Measurements were reported for up to three assessments for each individual, thus generalized estimating equations (GEE) were used to identify predictors/correlates for use of each CAM category.29 Before starting the modeling process, we checked whether there were strong linear dependencies among the potential correlates. Variance inflation factors (VIF) for all potential correlates were obtained through linear regression modeling with CAM use as the dependent variable and all potential correlates as independent variables.30 We found that VIFs for all potential covariates in our study were much smaller than 10, which is recommended as the cutoff to detect severe multicollinearity.31 In addition, for a small proportion of participants with missing values on correlates (ranging from 0.9% for comorbidity score to 5.3% for K-L grade), we imputed missing values with the last observation carried forward.32

We fit separate models for use of the following four CAM categories: biologically-based supplements, topical agents, mind-body interventions and manipulative and body-based therapies. Models were not developed for biologically-based diets and alternative medical systems/energy therapies as too few participants were using these categories. The model outcome was CAM category use (yes or no) at each assessment and we specified a LOGIT link to estimate the logistic GEE model. Age, gender, race, education and income at baseline were included in the model as time-invariant covariates, while insurance coverage for prescription, WOMAC scales, K-L grade, symptom-related multi-joint OA, history of injury or surgery, SF-12 measures, comorbidity score, obesity status, and use of analgesic medications (measured concurrently with CAM use) were included as time-dependent covariates. A backward variable selection procedure was used in the model building process with alpha= 0.2. We assumed an exchangeable within-subject correlation structure, and tested the robustness of estimates assuming auto-regressive and unstructured correlation structures.29 Adjusted odds ratios and corresponding 95% confidence intervals were derived from the final models.

Results

Participant characteristics at baseline are shown in Table I. Overall, 24.4% of the study participants were aged ≥75 years, 58.6% were women, 82.5% were non-Hispanic White and 29.7% had at least one comorbid condition.
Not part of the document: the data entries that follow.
lemma lower_bound_from_eps_and_radius_bounds:
  fixes M a b \<epsilon> r \<gamma> \<beta> :: real
  assumes "\<gamma> < 2" and "\<beta> * (2 - \<gamma>) = 2" and "0 < a" and "0 < b" and "0 < \<epsilon>"
    and eps: "a * \<epsilon> powr \<beta> \<le> M" and radius: "b * M powr (\<gamma> - 1) * r\<^sup>2 \<le> M"
  shows "(min (a powr (2 - \<gamma>)) b / 2) powr (1 / (2 - \<gamma>)) * (\<epsilon>\<^sup>2 + r\<^sup>2) powr (1 / (2 - \<gamma>)) \<le> M"
proof -
  have "0 < M"
    using eps \<open>0 < a\<close> \<open>0 < \<epsilon>\<close> by (smt (verit) mult_pos_pos powr_gt_zero)
  have "a powr (2 - \<gamma>) * \<epsilon>\<^sup>2 = (a * \<epsilon> powr \<beta>) powr (2 - \<gamma>)"
    using \<open>0 < a\<close> \<open>0 < \<epsilon>\<close> \<open>\<beta> * (2 - \<gamma>) = 2\<close> by (simp add: powr_mult powr_powr)
  also have "\<dots> \<le> M powr (2 - \<gamma>)"
    using eps \<open>0 < a\<close> \<open>0 < \<epsilon>\<close> \<open>\<gamma> < 2\<close> by (intro powr_mono2) auto
  finally have eps': "a powr (2 - \<gamma>) * \<epsilon>\<^sup>2 \<le> M powr (2 - \<gamma>)" .
  have "b * r\<^sup>2 = b * M powr (\<gamma> - 1) * r\<^sup>2 * M powr (1 - \<gamma>)"
    using \<open>0 < M\<close> by (simp add: powr_add[symmetric])
  also have "\<dots> \<le> M * M powr (1 - \<gamma>)"
    using radius by (simp add: mult_right_mono)
  also have "\<dots> = M powr 1 * M powr (1 - \<gamma>)"
    using \<open>0 < M\<close> by simp
  also have "\<dots> = M powr (1 + (1 - \<gamma>))"
    by (rule powr_add[symmetric])
  finally have radius': "b * r\<^sup>2 \<le> M powr (2 - \<gamma>)"
    by simp
  define c where "c = min (a powr (2 - \<gamma>)) b / 2"
  have "0 \<le> c"
    using \<open>0 < a\<close> \<open>0 < b\<close> by (simp add: c_def)
  have "c * (\<epsilon>\<^sup>2 + r\<^sup>2) \<le> M powr (2 - \<gamma>)"
    using eps' radius' mult_right_mono[OF min.cobounded1[of "a powr (2 - \<gamma>)" b], of "\<epsilon>\<^sup>2"]
      mult_right_mono[OF min.cobounded2[of "a powr (2 - \<gamma>)" b], of "r\<^sup>2"]
    by (simp add: c_def field_simps)
  then have "(c * (\<epsilon>\<^sup>2 + r\<^sup>2)) powr (1 / (2 - \<gamma>)) \<le> (M powr (2 - \<gamma>)) powr (1 / (2 - \<gamma>))"
    using \<open>0 \<le> c\<close> \<open>\<gamma> < 2\<close> by (intro powr_mono2) auto
  then show ?thesis
    using \<open>0 \<le> c\<close> \<open>0 < M\<close> \<open>\<gamma> < 2\<close> by (simp add: c_def[symmetric] powr_mult powr_powr)
qed

theorem lemma3p6:
  fixes h :: "real \<Rightarrow> real" and \<gamma> \<beta> \<theta> :: real
  assumes "admissible_h h"
    and "0 < \<gamma>" and "\<gamma> \<le> 1"
    and "\<beta> = 2 / (2 - \<gamma>)"
    and "\<theta> > 0"
  shows "\<exists>c>0. \<forall>(\<epsilon>::real) (u::real^'n \<Rightarrow> real \<Rightarrow> real) (r::real) (x0::real^'n) (t0::real).
           \<epsilon> > 0 \<longrightarrow>
           classical_heat_sol u (\<lambda>v. - f_eps h \<beta> \<gamma> \<epsilon> v) (Qcyl 0 0 1) \<longrightarrow>
           (\<forall>(x,t)\<in>Qcyl 0 0 1. u x t \<ge> 0) \<longrightarrow>
           0 < r \<longrightarrow> r < 1/4 \<longrightarrow>
           (x0, t0) \<in> Qcyl 0 0 (1/2) \<longrightarrow> u x0 t0 \<ge> \<theta> * \<epsilon> powr \<beta> \<longrightarrow>
           (SUP (x,t)\<in>Qminus x0 t0 r. u x t) \<ge> c * (\<epsilon>\<^sup>2 + r\<^sup>2) powr (1 / (2 - \<gamma>))"
proof -
  define \<kappa> where "\<kappa> = \<gamma> * Hprim h \<theta> / (8 * CARD('n))"
  have "0 < \<kappa>"
    using Hprim_pos[OF assms(1,5)] \<open>0 < \<gamma>\<close> by (simp add: \<kappa>_def)
  have "\<beta> * (2 - \<gamma>) = 2"
    using \<open>\<beta> = 2 / (2 - \<gamma>)\<close> \<open>\<gamma> \<le> 1\<close> by (simp add: field_simps)
  show ?thesis
  proof (intro exI[of _ "(min (\<theta> powr (2 - \<gamma>)) \<kappa> / 2) powr (1 / (2 - \<gamma>))"] conjI allI impI)
    show "0 < (min (\<theta> powr (2 - \<gamma>)) \<kappa> / 2) powr (1 / (2 - \<gamma>))"
      using \<open>0 < \<kappa>\<close> \<open>0 < \<theta>\<close> by (simp add: min_def)
    fix \<epsilon> r t0 :: real and u :: "real^'n \<Rightarrow> real \<Rightarrow> real" and x0 :: "real^'n"
    assume "0 < \<epsilon>" "classical_heat_sol u (\<lambda>v. - f_eps h \<beta> \<gamma> \<epsilon> v) (Qcyl 0 0 1)"
      "0 < r" "r < 1/4" "(x0, t0) \<in> Qcyl 0 0 (1/2)" "\<theta> * \<epsilon> powr \<beta> \<le> u x0 t0"
    note bounds = SUP_Qminus_lower_bounds[OF assms(1-3,5) this(1-6)]
    show "(min (\<theta> powr (2 - \<gamma>)) \<kappa> / 2) powr (1 / (2 - \<gamma>)) * (\<epsilon>\<^sup>2 + r\<^sup>2) powr (1 / (2 - \<gamma>))
            \<le> (SUP (x, t)\<in>Qminus x0 t0 r. u x t)"
      using lower_bound_from_eps_and_radius_bounds[OF _ \<open>\<beta> * (2 - \<gamma>) = 2\<close> \<open>0 < \<theta>\<close> \<open>0 < \<kappa>\<close>
          \<open>0 < \<epsilon>\<close> bounds(1)] bounds(2) \<open>\<gamma> \<le> 1\<close>
      by (simp add: \<kappa>_def)
  qed
qed

end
Compared to non-CAM users at baseline, CAM users tended to be younger, were more likely to be women, and had more severe OA as measured by K-L grade and WOMAC subscales.

Table I.

Participant characteristics by status of any CAM use at baseline among older adults with radiographic knee OA

Characteristics CAM Users (N=581) Non-CAM users (N=540) Total (N=1,121)
Percentage
Age (≥75 years) 21.3 27.8 24.4
Women 65.1 51.7 58.6
Ethnicity/Race
 Non-Hispanic White 82.4 82.6 82.5
 Non-Hispanic Black 12.7 15.6 14.1
 Other 4.8 1.9 3.4
Education
 High school or less 18.0 22.2 20.0
 Some college 24.0 22.9 23.5
 College graduate 21.1 21.6 21.3
 Graduate Degree 37.0 33.3 35.2
Income ($)
 <25,000 17.0 18.7 17.8
 25,000 – 50,000 36.2 36.0 36.1
 >50,000 46.9 45.3 46.1
Insurance coverage of Rx 83.0 82.2 82.7
K-L grade 3 or 4 59.2 48.9 54.2
Symptom-related multi-joint OA 57.8 42.0 50.2
Use of analgesics 48.2 33.3 41.0
History of knee injury 43.6 39.9 41.8
History of knee surgery 26.3 24.1 25.3
Body mass index (kg/m2)
 <25 21.3 17.6 19.5
 25 – <30 41.5 44.3 42.8
 ≥30 37.2 38.2 37.6
Comorbidity score
 0 71.9 68.6 70.3
 1 15.8 16.5 16.1
 ≥2 12.3 15.0 13.6
Mean (Standard Deviation)
WOMAC Pain 4.3 (3.7) 3.1 (3.5) 3.8 (3.7)
WOMAC Stiffness 2.4 (1.7) 1.9 (1.7) 2.1 (1.7)
WOMAC Physical Function 13.4 (12.1) 10.4 (11.6) 12.0 (11.9)
SF-12 PCS 46.7 (8.9) 48.4 (8.8) 47.5 (8.9)
SF-12 MCS 55.6 (7.2) 55.4 (7.2) 55.5 (7.2)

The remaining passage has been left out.